▶ WHAT YOU NEED TO DO:
Copy, exactly and without additions, every line in the records below from the one holding "text \<open>The compressions" through the one holding "define a where", both ends included.

Saved data entries:
BEGIN
lemma selfadjoint_eq_0_if_norm_one_plus_minus_le_1:
  fixes b :: "'b::cstar_algebra"
  assumes sa: "cstar b = b" and m: "norm (1 - b) \<le> 1" and p: "norm (1 + b) \<le> 1"
  shows "b = 0"
proof (rule ccontr)
  assume "b \<noteq> 0"
  define R where "R = 3 / norm b"
  have R: "R > 0" "R * norm b = 3" using \<open>b \<noteq> 0\<close> by (simp_all add: R_def)
  define n where "n = nat \<lceil>R\<rceil> + 9"
  have n: "9 \<le> n" "R \<le> real n" by (simp_all add: n_def) linarith
  define c where "c m = scaleC (1 / of_nat n ^ m) (of_nat (n choose m) * b ^ m)" for m
  have "R * norm (c 1) \<le> 2"
  proof (rule cauchy_estimate_coeff_1)
    fix z :: complex assume z: "cmod z = R"
    have "(\<Sum>m\<le>n. scaleC (z ^ m) (c m)) = (1 + scaleC (z / of_nat n) b) ^ n"
      by (simp add: c_def one_plus_scaleC_power scaleC_scaleC power_divide)
    then show "norm (\<Sum>m\<le>n. scaleC (z ^ m) (c m)) \<le> 2"
      using norm_power_one_plus_scaleC_le_2[OF sa m p n(1)] z n R by simp
  qed (use n R in auto)
  moreover have "c 1 = b"
  proof -
    have "of_nat n * b = scaleC (of_nat n) b"
      by (metis of_real_of_nat_eq scaleC_of_real scaleR_conv_of_real)
    then show ?thesis using n by (simp add: c_def scaleC_scaleC scaleC_one)
  qed
  ultimately show False using R by simp
qed

lemma selfadjoint_eq_0_if_sum_eq_0:
  fixes a :: "'i \<Rightarrow> 'b::cstar_algebra"
  assumes fin: "finite I" and sa: "\<And>k. k \<in> I \<Longrightarrow> cstar (a k) = a k"
    and contr: "\<And>k. k \<in> I \<Longrightarrow> norm (1 - a k) \<le> 1"
    and sum0: "sum a I = 0" and j: "j \<in> I"
  shows "a j = 0"
proof -
  define T where "T = I - {j}"
  have aj: "a j = - (\<Sum>k\<in>T. a k)"
    using sum0 sum.remove[OF fin j, of a] by (simp add: T_def eq_neg_iff_add_eq_0)
  show ?thesis
  proof (cases "T = {}")
    case False
    define n where "n = card T"
    have n: "real n > 0" using False fin by (simp add: n_def T_def card_gt_0_iff)
    define b where "b = (1 / real n) *\<^sub>R a j"
    have "norm (1 - b) \<le> 1"
      unfolding b_def using n by (intro norm_one_minus_scaleR_le_1 contr j) simp_all
    moreover have "norm (1 + b) \<le> 1"
    proof -
      have "(\<Sum>k\<in>T. 1 - a k) = real n *\<^sub>R 1 - (\<Sum>k\<in>T. a k)"
        by (simp add: sum_subtractf n_def scaleR_conv_of_real)
      then have "1 + b = (1 / real n) *\<^sub>R (\<Sum>k\<in>T. 1 - a k)"
        using n by (simp add: b_def aj scaleR_diff_right)
      then have "norm (1 + b) \<le> (1 / real n) * (\<Sum>k\<in>T. norm (1 - a k))"
        using norm_sum[of "\<lambda>k. 1 - a k" T] n by (simp add: divide_right_mono)
      also have "\<dots> \<le> (1 / real n) * real n"
        using sum_mono[of T "\<lambda>k. norm (1 - a k)" "\<lambda>_. 1"] contr n by (simp add: T_def n_def)
      finally show ?thesis using n by simp
    qed
    moreover have "cstar b = b" using sa[OF j] by (simp add: b_def)
    ultimately have "b = 0" using selfadjoint_eq_0_if_norm_one_plus_minus_le_1 by blast
    then show ?thesis using n by (simp add: b_def)
  qed (simp add: aj)
qed

text \<open>The compressions \<open>P\<^sub>i P\<^sub>k P\<^sub>i\<close> (\<open>k \<noteq> i\<close>) are positive contractions with
  sum \<open>P\<^sub>i (1 - P\<^sub>i) P\<^sub>i = 0\<close>, so each vanishes, and \<open>\<parallel>P\<^sub>j P\<^sub>i\<parallel>\<^sup>2 = \<parallel>P\<^sub>i P\<^sub>j P\<^sub>i\<parallel>\<close>.\<close>

lemma projections_sum_one_orthogonal:
  fixes f :: "'i \<Rightarrow> 'b::cstar_algebra"
  assumes fin: "finite I" and proj: "\<And>k. k \<in> I \<Longrightarrow> projection (f k)"
    and sum1: "sum f I = 1" and i: "i \<in> I" and j: "j \<in> I" and "i \<noteq> j"
  shows "f i * f j = 0"
proof -
  define P where "P = f i"
  define a where "a k = P * f k * P" for k
  have P: "cstar P = P" "P * P = P" using proj[OF i] by (auto simp: P_def projection_def)
  have fj: "cstar (f j) = f j" "f j * f j = f j" using proj[OF j] by (auto simp: projection_def)
  have "(\<Sum>k\<in>I - {i}. a k) = P * (\<Sum>k\<in>I - {i}. f k) * P"
    by (simp add: a_def sum_distrib_left sum_distrib_right)
  also have "(\<Sum>k\<in>I - {i}. f k) = 1 - P"
    using sum1 sum.remove[OF fin i, of f] by (simp add: P_def algebra_simps)
  finally have "(\<Sum>k\<in>I - {i}. a k) = 0" using P by (simp add: algebra_simps)
  then have "a j = 0"
  proof (rule selfadjoint_eq_0_if_sum_eq_0[rotated 3])
    fix k assume "k \<in> I - {i}"
    then show "cstar (a k) = a k" "norm (1 - a k) \<le> 1"
      using proj P norm_one_minus_compression_le_1[OF proj[OF i]]
      by (auto simp: a_def P_def cstar_mult projection_def mult.assoc)
  qed (use fin j \<open>i \<noteq> j\<close> in auto)
  moreover have "norm (f j * P) * norm (f j * P) = norm (a j)"
  proof -
    have "cstar (f j * P) * (f j * P) = P * (f j * f j) * P"
      using P fj(1) by (simp add: cstar_mult mult.assoc)
    then show ?thesis by (metis fj(2) a_def cstar_identity)
  qed
  ultimately have "cstar (f j * P) = 0" by simp
  then show ?thesis using P fj by (simp add: cstar_mult P_def)
qed

section \<open>Single-vertex k-graphs\<close>

lemma le_fun_eq_add_diff: "(M :: 'a \<Rightarrow> nat) \<le> N \<Longrightarrow> N = M + (N - M)"
  by (simp add: fun_eq_iff le_fun_def)

locale kgraph =
  fixes K :: "nat set" and d :: "'p::monoid_mult \<Rightarrow> nat \<Rightarrow> nat"
  assumes kgraph: "single_vertex_kgraph K d"
begin

lemma d_1 [simp]: "d 1 = 0"
  using kgraph by (simp add: single_vertex_kgraph_def zero_fun_def)

lemma d_mult: "d (a * b) = d a + d b"
  using kgraph by (simp add: single_vertex_kgraph_def plus_fun_def)

lemma edges_finite_nonempty:
  "i \<in> K \<Longrightarrow> finite {\<mu>. d \<mu> = ebasis i} \<and> {\<mu>. d \<mu> = ebasis i} \<noteq> {}"
  using kgraph by (simp add: single_vertex_kgraph_def)

lemma unique_factorization:
  "d \<mu> = m + n \<Longrightarrow> \<exists>!ab. d (fst ab) = m \<and> d (snd ab) = n \<and> \<mu> = fst ab * snd ab"
  using kgraph unfolding single_vertex_kgraph_def plus_fun_def by blast

lemma factorization:
  assumes "d \<mu> = m + n" shows "\<exists>a b. d a = m \<and> d b = n \<and> \<mu> = a * b"
  using unique_factorization[OF assms] by auto

lemma factorization_unique:
  assumes da: "d a = d a'" and eq: "a * b = a' * b'"
  shows "a = a' \<and> b = b'"
proof -
  have "d a + d b = d a' + d b'" using eq by (simp flip: d_mult)
  then have "d b = d b'" using da by (simp add: fun_eq_iff)
  with unique_factorization[OF d_mult[of a b]] show ?thesis
    using da eq by (metis fst_conv snd_conv)
qed

lemma d_eq_0_imp_eq_1: "d x = 0 \<Longrightarrow> x = 1"
  using factorization_unique[of x 1 1 x] by simp

lemma left_cancel: "a * b = a * c \<Longrightarrow> b = (c :: 'p)"
  using factorization_unique[of a a b c] by simp

lemma prefix_if_common_extension:
  assumes le: "d l \<le> d r" and eq: "r * \<alpha> = l * c"
  shows "\<exists>x. r = l * x"
proof -
  obtain r1 r2 where r: "d r1 = d l" "r = r1 * r2"
    using factorization[OF le_fun_eq_add_diff[OF le]] by blast
  have "r1 * (r2 * \<alpha>) = l * c" using eq r by (simp add: mult.assoc)
  then show ?thesis using factorization_unique r by blast
qed

lemma zero_in_range_d: "0 \<in> range d"
  using d_1 by (metis rangeI)

lemma add_in_range_d: "N \<in> range d \<Longrightarrow> M \<in> range d \<Longrightarrow> N + M \<in> range d"
  by (auto simp flip: d_mult)

lemma le_in_range_d:
  assumes "M \<le> N" and "N \<in> range d"
  shows "M \<in> range d"
proof -
  obtain \<mu> where "d \<mu> = M + (N - M)" using assms le_fun_eq_add_diff by auto
  then obtain a b where "d a = M" using factorization by blast
  then show ?thesis by auto
qed

lemma sup_in_range_d: "N \<in> range d \<Longrightarrow> M \<in> range d \<Longrightarrow> sup N M \<in> range d"
proof -
  assume N: "N \<in> range d" and M: "M \<in> range d"
  have "sup N M = N + (M - N)" by (auto simp: fun_eq_iff sup_nat_def)
  moreover have "M - N \<in> range d" by (rule le_in_range_d[OF _ M]) (simp add: le_fun_def)
  ultimately show ?thesis using add_in_range_d[OF N] by simp
qed

lemma range_d_support:
  assumes "N \<in> range d"
  shows "finite {i. N i \<noteq> 0}" and "N i \<noteq> 0 \<Longrightarrow> i \<in> K"
  using assms kgraph by (auto simp: single_vertex_kgraph_def)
END
▶ RESPONSE TO THE TASK:
text \<open>The compressions \<open>P\<^sub>i P\<^sub>k P\<^sub>i\<close> (\<open>k \<noteq> i\<close>) are positive contractions with
  sum \<open>P\<^sub>i (1 - P\<^sub>i) P\<^sub>i = 0\<close>, so each vanishes, and \<open>\<parallel>P\<^sub>j P\<^sub>i\<parallel>\<^sup>2 = \<parallel>P\<^sub>i P\<^sub>j P\<^sub>i\<parallel>\<close>.\<close>

lemma projections_sum_one_orthogonal:
  fixes f :: "'i \<Rightarrow> 'b::cstar_algebra"
  assumes fin: "finite I" and proj: "\<And>k. k \<in> I \<Longrightarrow> projection (f k)"
    and sum1: "sum f I = 1" and i: "i \<in> I" and j: "j \<in> I" and "i \<noteq> j"
  shows "f i * f j = 0"
proof -
  define P where "P = f i"
  define a where "a k = P * f k * P" for k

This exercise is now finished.